● **TASK PROMPT**
Look through the entries for the string "assms", and copy each line that holds it.

● **ENTRIES SUPPLIED**
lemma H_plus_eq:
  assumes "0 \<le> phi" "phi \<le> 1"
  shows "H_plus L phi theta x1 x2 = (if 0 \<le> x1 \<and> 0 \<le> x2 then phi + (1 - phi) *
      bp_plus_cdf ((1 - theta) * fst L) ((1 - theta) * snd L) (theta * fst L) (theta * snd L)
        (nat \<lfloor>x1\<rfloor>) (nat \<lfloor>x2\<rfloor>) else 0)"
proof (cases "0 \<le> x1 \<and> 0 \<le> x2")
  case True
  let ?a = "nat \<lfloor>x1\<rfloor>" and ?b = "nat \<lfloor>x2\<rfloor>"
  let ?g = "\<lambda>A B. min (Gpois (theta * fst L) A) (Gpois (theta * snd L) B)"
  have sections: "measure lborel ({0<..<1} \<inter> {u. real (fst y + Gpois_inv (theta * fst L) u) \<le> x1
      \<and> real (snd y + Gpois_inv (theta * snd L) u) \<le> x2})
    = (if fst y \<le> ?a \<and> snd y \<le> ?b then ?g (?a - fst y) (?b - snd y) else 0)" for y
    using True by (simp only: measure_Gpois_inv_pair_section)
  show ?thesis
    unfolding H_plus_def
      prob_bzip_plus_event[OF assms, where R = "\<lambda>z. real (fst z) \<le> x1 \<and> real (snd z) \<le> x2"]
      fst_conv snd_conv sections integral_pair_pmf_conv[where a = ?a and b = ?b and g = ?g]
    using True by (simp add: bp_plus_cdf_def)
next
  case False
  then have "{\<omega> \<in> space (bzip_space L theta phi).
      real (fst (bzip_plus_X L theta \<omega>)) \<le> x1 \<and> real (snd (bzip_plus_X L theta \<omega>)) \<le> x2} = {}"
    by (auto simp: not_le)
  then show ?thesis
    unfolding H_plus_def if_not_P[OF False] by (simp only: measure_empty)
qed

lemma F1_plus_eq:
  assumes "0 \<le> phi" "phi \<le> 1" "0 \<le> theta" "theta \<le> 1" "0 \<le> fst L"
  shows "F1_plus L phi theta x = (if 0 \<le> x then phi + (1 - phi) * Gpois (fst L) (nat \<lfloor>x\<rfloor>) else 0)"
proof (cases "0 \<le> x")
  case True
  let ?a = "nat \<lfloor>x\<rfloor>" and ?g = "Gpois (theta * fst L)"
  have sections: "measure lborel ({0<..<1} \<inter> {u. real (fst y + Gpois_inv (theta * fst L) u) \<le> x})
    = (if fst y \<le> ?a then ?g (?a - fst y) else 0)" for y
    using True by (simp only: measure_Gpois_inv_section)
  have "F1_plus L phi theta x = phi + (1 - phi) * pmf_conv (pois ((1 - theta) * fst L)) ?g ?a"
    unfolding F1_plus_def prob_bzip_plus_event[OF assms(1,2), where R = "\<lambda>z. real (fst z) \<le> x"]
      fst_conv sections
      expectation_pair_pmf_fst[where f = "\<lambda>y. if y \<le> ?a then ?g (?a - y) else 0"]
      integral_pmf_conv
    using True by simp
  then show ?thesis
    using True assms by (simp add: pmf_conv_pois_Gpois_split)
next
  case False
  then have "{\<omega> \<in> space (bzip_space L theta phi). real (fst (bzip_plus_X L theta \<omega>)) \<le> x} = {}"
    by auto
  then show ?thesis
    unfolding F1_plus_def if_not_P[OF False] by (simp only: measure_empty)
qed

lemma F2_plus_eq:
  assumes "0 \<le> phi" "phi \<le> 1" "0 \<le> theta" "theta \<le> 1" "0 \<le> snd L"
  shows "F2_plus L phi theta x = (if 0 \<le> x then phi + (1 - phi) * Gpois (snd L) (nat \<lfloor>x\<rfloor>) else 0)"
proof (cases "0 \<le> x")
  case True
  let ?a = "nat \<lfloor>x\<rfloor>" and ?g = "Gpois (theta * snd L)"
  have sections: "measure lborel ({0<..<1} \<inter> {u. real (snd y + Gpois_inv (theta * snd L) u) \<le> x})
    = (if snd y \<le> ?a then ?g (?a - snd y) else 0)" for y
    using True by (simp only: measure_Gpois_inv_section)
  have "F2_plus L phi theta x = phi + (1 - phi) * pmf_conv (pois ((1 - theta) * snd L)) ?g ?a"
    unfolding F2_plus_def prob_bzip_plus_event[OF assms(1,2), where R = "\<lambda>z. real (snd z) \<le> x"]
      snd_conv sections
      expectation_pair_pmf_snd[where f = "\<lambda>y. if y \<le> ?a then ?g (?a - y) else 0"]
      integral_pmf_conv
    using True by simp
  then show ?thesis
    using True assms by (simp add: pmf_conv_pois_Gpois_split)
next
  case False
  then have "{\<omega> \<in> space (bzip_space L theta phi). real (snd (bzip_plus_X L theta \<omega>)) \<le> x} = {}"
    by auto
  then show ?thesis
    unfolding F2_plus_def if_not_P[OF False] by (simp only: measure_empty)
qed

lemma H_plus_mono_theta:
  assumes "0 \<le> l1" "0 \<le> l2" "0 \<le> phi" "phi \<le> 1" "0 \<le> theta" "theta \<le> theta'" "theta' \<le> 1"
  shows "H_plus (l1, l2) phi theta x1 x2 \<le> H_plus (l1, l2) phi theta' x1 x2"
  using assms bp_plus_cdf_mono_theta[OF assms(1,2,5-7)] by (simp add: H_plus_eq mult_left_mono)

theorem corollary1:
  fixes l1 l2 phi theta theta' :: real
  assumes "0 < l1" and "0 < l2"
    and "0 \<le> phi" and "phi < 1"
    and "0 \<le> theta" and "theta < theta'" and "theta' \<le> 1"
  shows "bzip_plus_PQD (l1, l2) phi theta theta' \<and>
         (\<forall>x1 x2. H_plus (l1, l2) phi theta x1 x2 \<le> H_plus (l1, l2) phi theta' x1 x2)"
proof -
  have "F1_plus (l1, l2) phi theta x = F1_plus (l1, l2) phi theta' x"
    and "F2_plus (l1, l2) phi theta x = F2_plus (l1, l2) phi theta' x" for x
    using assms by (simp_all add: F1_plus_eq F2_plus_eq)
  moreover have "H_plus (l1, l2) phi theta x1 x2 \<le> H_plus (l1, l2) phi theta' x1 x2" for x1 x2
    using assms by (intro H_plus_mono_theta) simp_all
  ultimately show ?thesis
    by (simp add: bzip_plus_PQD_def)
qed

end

● **TASK RESPONSE**
      prob_bzip_plus_event[OF assms, where R = "\<lambda>z. real (fst z) \<le> x1 \<and> real (snd z) \<le> x2"]
    unfolding F1_plus_def prob_bzip_plus_event[OF assms(1,2), where R = "\<lambda>z. real (fst z) \<le> x"]
    using True assms by (simp add: pmf_conv_pois_Gpois_split)
    unfolding F2_plus_def prob_bzip_plus_event[OF assms(1,2), where R = "\<lambda>z. real (snd z) \<le> x"]
    using True assms by (simp add: pmf_conv_pois_Gpois_split)
  using assms bp_plus_cdf_mono_theta[OF assms(1,2,5-7)] by (simp add: H_plus_eq mult_left_mono)
    using assms by (simp_all add: F1_plus_eq F2_plus_eq)
    using assms by (intro H_plus_mono_theta) simp_all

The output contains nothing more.